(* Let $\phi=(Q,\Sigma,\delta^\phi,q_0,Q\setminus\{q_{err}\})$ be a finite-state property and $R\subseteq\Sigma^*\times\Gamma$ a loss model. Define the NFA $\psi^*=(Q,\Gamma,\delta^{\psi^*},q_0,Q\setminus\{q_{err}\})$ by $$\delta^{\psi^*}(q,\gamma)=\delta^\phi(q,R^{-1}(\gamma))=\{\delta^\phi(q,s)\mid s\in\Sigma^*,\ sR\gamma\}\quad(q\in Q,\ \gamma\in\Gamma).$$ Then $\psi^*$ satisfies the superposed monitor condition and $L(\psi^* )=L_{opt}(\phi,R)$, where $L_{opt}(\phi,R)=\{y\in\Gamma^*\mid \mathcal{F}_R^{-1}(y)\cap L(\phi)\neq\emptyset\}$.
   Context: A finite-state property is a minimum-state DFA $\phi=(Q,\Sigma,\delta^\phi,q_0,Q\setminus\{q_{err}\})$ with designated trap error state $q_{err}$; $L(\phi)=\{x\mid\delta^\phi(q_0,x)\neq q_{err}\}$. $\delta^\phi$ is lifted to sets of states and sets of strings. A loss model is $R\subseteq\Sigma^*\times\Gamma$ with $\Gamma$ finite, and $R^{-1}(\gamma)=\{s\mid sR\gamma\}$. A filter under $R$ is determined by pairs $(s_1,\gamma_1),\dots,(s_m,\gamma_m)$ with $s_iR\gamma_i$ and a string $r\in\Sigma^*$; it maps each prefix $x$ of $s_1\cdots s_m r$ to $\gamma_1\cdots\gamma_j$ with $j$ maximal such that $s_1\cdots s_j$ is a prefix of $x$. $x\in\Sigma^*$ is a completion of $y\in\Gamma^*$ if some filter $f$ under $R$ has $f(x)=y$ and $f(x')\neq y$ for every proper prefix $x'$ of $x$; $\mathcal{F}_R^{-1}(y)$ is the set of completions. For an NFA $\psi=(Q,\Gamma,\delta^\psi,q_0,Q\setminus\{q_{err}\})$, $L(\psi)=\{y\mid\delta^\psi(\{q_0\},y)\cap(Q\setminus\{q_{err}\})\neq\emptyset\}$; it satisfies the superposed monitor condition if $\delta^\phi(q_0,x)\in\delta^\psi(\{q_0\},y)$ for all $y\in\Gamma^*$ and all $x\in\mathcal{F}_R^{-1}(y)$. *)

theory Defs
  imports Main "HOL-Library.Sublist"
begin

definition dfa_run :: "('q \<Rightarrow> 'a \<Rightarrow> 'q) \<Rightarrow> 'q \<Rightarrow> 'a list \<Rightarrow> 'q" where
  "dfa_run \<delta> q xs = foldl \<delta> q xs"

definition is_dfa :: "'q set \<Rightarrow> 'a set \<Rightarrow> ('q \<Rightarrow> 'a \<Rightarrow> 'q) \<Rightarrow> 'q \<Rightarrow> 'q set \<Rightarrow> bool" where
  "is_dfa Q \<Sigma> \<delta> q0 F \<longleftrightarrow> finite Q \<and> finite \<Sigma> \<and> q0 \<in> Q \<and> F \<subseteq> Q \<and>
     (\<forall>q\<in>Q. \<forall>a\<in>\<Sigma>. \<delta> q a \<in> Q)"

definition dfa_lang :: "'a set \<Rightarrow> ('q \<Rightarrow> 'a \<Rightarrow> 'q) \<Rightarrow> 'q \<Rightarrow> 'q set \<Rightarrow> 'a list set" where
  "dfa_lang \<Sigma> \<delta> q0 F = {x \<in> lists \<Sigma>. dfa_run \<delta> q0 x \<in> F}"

^^^^^^^^

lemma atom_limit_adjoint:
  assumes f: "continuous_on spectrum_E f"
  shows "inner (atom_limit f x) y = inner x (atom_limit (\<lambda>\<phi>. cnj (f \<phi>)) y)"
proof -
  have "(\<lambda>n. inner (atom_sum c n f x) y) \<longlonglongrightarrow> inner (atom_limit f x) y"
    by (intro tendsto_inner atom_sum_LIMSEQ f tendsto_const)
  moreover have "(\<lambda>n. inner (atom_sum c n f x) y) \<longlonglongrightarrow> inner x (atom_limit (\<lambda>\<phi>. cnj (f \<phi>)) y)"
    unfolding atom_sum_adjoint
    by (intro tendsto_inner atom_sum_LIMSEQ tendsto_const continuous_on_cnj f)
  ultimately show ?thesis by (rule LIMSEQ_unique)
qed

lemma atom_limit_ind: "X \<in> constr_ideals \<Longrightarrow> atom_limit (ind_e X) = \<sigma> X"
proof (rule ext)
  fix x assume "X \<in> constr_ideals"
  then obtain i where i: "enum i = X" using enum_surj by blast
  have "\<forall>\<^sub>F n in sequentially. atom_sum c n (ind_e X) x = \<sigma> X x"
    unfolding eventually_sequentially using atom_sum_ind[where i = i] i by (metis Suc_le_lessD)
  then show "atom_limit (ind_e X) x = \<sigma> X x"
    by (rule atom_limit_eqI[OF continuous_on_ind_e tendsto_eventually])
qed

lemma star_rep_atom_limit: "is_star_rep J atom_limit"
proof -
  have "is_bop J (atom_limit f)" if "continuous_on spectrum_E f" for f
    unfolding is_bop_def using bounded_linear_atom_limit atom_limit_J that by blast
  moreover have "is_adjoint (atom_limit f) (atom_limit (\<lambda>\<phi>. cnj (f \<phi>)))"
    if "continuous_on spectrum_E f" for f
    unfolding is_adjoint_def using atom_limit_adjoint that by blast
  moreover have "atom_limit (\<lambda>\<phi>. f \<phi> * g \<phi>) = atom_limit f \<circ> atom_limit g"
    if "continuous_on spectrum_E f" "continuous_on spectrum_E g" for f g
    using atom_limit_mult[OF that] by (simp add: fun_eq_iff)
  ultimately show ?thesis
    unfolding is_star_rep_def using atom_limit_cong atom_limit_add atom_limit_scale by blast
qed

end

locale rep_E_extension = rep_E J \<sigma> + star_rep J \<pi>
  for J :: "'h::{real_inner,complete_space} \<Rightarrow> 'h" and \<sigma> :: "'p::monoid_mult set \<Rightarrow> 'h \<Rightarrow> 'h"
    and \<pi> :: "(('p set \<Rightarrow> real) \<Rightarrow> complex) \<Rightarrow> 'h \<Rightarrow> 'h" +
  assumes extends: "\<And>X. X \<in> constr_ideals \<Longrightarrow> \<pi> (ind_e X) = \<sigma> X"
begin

^^^^^^^^

WHAT TO DO: Return each line of the listing that holds the word "rule".

ANSWER SECTION:
  ultimately show ?thesis by (rule LIMSEQ_unique)
proof (rule ext)
    by (rule atom_limit_eqI[OF continuous_on_ind_e tendsto_eventually])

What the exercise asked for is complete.